• Directions for this task
Your answer is to be every line of the material that includes the string "assms".

• Working data

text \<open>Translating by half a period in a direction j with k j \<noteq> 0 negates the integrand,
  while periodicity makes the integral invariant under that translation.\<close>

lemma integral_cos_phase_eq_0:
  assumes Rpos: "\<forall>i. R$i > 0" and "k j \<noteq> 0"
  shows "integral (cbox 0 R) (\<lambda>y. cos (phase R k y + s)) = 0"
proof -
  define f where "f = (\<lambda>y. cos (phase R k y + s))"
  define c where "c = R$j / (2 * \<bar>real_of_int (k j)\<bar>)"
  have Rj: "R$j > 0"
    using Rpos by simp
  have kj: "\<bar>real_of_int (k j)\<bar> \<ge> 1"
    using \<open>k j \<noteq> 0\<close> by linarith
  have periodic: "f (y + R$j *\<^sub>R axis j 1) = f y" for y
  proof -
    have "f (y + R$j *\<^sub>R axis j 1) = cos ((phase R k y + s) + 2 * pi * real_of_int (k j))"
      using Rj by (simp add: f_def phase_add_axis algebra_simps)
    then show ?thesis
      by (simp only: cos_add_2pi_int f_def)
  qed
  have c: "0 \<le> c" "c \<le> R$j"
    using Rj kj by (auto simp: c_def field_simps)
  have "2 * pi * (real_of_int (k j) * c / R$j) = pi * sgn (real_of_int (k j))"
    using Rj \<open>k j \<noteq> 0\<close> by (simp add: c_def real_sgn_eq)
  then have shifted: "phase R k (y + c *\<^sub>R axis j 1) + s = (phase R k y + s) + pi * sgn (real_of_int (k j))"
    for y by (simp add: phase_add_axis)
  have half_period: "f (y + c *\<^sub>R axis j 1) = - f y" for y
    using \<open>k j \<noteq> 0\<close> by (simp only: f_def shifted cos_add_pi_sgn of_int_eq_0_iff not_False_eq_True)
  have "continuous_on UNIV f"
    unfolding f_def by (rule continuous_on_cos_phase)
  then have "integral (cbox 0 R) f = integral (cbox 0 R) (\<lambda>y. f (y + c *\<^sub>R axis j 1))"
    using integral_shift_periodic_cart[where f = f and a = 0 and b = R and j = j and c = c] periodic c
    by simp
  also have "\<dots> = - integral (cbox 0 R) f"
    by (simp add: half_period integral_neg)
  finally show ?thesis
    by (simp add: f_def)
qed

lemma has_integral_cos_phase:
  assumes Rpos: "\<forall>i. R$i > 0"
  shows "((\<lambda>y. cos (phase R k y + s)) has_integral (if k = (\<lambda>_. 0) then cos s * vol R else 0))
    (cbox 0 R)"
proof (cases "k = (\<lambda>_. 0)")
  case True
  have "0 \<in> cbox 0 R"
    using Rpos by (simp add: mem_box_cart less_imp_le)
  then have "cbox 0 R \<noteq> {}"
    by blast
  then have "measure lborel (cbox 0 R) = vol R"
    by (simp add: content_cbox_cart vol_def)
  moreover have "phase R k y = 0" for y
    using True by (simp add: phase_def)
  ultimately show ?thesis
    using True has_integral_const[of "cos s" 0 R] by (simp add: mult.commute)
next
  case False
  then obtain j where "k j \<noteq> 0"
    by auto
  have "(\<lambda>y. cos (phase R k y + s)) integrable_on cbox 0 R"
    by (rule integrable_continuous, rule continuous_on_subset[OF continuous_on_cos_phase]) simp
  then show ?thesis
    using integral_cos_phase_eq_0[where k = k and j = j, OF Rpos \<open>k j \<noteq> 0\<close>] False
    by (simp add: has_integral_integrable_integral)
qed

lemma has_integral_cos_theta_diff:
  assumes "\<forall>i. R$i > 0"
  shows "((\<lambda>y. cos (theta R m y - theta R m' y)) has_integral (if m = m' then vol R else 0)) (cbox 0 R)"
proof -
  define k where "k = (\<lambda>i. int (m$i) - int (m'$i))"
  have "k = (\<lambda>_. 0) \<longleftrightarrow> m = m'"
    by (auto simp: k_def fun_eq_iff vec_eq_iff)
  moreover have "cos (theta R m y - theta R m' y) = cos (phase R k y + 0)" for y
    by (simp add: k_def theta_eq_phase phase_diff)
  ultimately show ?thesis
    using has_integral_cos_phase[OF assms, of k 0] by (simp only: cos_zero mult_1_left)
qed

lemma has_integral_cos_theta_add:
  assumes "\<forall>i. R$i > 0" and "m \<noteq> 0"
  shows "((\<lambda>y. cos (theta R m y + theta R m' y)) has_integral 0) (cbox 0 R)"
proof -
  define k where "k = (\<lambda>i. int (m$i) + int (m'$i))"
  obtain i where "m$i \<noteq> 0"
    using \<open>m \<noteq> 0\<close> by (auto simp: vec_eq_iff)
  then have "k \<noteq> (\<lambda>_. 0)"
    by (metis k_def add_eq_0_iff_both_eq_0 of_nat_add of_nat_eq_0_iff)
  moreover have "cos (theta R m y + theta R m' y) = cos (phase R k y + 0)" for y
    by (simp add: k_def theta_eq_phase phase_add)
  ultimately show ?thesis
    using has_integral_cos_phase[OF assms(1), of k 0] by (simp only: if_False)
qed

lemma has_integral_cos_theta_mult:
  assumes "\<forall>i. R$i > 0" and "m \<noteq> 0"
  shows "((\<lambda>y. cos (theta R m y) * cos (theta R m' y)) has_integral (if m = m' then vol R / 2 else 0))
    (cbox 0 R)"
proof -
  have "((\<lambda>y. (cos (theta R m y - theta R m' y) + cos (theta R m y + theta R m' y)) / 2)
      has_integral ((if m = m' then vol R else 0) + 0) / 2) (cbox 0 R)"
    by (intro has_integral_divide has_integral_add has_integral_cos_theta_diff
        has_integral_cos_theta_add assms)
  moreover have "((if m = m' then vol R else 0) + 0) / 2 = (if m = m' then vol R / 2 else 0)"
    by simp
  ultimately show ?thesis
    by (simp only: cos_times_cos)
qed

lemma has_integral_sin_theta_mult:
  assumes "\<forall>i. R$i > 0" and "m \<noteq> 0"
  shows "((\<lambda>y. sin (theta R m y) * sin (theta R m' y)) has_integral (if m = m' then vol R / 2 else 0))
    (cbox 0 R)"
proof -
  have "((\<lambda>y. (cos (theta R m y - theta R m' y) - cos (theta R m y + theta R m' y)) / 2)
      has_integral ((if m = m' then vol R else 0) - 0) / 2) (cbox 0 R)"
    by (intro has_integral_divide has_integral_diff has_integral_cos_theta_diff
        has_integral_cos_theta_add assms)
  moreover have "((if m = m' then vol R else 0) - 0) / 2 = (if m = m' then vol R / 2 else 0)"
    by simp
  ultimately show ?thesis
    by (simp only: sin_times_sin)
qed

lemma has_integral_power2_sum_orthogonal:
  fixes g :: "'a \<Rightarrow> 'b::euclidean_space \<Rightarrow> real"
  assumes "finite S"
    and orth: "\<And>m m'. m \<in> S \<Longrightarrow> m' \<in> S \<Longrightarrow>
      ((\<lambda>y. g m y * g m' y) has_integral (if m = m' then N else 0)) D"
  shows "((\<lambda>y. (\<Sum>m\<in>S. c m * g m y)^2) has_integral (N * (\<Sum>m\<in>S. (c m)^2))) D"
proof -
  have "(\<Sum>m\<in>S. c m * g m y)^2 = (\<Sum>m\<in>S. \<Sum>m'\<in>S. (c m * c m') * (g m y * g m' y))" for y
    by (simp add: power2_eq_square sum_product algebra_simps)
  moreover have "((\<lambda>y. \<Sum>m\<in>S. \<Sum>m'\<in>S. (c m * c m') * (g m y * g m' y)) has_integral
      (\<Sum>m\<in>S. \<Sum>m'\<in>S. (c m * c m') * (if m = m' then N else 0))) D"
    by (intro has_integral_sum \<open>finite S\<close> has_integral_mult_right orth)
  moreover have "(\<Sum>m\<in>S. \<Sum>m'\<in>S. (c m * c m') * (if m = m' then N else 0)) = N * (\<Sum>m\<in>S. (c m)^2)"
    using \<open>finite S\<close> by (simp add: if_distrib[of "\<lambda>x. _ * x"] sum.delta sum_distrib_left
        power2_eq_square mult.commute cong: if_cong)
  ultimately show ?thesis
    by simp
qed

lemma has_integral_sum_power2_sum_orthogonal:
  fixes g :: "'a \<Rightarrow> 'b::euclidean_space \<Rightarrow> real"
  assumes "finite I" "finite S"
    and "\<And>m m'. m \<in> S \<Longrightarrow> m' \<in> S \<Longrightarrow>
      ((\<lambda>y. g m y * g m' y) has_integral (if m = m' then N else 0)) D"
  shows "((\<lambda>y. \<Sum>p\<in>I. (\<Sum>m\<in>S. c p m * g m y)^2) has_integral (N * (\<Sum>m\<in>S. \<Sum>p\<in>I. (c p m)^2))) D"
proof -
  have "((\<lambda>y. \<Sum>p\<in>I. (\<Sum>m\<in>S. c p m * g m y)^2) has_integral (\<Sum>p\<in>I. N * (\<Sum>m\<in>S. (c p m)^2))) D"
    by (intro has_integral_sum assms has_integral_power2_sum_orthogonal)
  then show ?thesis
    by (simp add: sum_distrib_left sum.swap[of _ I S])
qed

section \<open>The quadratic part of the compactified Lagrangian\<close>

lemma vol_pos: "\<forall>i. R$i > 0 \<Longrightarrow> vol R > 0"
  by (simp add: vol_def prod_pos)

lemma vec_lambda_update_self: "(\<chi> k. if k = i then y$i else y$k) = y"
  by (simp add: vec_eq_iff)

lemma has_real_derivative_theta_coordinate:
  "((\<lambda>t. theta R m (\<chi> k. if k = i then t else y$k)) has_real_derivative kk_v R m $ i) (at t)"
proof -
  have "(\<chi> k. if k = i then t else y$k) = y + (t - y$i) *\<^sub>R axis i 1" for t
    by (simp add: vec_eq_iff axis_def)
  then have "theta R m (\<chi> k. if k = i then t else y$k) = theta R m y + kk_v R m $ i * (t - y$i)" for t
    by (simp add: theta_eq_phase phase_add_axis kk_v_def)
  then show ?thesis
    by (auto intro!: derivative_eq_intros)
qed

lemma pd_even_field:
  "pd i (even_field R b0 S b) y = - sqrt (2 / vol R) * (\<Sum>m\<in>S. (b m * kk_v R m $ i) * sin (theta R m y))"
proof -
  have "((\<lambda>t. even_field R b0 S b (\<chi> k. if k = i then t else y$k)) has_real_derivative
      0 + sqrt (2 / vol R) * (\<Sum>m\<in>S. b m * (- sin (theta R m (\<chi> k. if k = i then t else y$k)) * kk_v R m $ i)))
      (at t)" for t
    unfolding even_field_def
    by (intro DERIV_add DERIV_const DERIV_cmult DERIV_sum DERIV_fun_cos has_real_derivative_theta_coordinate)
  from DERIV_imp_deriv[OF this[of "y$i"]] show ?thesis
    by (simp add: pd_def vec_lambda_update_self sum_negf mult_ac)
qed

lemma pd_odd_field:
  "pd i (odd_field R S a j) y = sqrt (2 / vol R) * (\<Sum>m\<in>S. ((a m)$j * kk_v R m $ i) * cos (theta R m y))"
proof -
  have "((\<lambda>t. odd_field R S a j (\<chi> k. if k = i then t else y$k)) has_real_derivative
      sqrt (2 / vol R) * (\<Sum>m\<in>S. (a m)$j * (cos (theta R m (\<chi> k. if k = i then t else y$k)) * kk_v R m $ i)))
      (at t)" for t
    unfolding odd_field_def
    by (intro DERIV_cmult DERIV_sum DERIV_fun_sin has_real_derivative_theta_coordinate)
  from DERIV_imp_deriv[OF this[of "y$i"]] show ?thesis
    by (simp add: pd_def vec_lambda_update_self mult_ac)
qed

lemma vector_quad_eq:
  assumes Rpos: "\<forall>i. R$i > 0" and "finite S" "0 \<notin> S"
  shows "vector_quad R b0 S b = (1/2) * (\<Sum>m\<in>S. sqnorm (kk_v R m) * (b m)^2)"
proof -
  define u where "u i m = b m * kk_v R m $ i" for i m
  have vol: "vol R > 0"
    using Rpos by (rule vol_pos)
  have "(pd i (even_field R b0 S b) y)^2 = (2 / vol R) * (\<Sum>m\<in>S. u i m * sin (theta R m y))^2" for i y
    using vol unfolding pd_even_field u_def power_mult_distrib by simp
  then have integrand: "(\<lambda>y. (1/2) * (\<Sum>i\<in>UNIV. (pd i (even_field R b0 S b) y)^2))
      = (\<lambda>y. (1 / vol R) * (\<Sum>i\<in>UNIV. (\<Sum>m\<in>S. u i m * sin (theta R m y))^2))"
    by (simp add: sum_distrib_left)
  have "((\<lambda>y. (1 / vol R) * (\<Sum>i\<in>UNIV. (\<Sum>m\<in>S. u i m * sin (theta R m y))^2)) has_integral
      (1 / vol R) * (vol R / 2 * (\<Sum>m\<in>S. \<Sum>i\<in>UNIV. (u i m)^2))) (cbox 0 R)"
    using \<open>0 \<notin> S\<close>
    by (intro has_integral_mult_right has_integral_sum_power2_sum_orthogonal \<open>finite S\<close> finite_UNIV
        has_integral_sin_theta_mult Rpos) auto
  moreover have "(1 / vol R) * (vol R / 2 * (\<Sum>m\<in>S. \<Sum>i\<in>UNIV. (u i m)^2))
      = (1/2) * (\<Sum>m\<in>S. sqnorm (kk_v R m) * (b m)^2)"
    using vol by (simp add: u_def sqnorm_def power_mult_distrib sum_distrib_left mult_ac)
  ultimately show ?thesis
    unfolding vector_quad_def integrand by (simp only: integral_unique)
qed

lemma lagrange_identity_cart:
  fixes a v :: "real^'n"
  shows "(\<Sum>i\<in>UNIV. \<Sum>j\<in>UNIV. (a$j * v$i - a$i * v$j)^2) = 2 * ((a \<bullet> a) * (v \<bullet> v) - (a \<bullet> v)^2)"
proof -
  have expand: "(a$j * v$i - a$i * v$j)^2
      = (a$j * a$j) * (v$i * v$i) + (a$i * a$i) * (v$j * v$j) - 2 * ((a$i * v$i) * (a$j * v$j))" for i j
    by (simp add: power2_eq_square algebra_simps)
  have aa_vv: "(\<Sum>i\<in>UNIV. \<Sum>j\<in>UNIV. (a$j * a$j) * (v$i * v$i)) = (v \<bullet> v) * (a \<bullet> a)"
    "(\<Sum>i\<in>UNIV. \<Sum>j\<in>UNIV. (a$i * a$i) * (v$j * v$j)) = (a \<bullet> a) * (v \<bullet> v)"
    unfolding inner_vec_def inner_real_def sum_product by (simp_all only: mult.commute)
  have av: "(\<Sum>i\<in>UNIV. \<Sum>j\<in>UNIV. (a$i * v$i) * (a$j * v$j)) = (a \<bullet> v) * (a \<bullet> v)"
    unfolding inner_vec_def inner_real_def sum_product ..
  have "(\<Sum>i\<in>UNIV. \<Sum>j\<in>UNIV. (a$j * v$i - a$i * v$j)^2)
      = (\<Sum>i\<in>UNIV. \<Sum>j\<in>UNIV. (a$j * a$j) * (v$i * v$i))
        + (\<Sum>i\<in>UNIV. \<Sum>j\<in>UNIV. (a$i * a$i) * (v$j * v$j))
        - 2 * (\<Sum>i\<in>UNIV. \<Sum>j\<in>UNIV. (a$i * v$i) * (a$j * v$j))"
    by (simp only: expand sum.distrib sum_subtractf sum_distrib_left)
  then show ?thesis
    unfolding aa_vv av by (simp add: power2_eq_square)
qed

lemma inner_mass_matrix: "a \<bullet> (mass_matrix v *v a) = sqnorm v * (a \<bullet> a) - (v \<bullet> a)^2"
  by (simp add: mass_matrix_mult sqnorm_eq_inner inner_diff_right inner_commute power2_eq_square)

• The completed task
    using has_integral_cos_phase[OF assms, of k 0] by (simp only: cos_zero mult_1_left)
    using has_integral_cos_phase[OF assms(1), of k 0] by (simp only: if_False)
        has_integral_cos_theta_add assms)
        has_integral_cos_theta_add assms)
    by (intro has_integral_sum assms has_integral_power2_sum_orthogonal)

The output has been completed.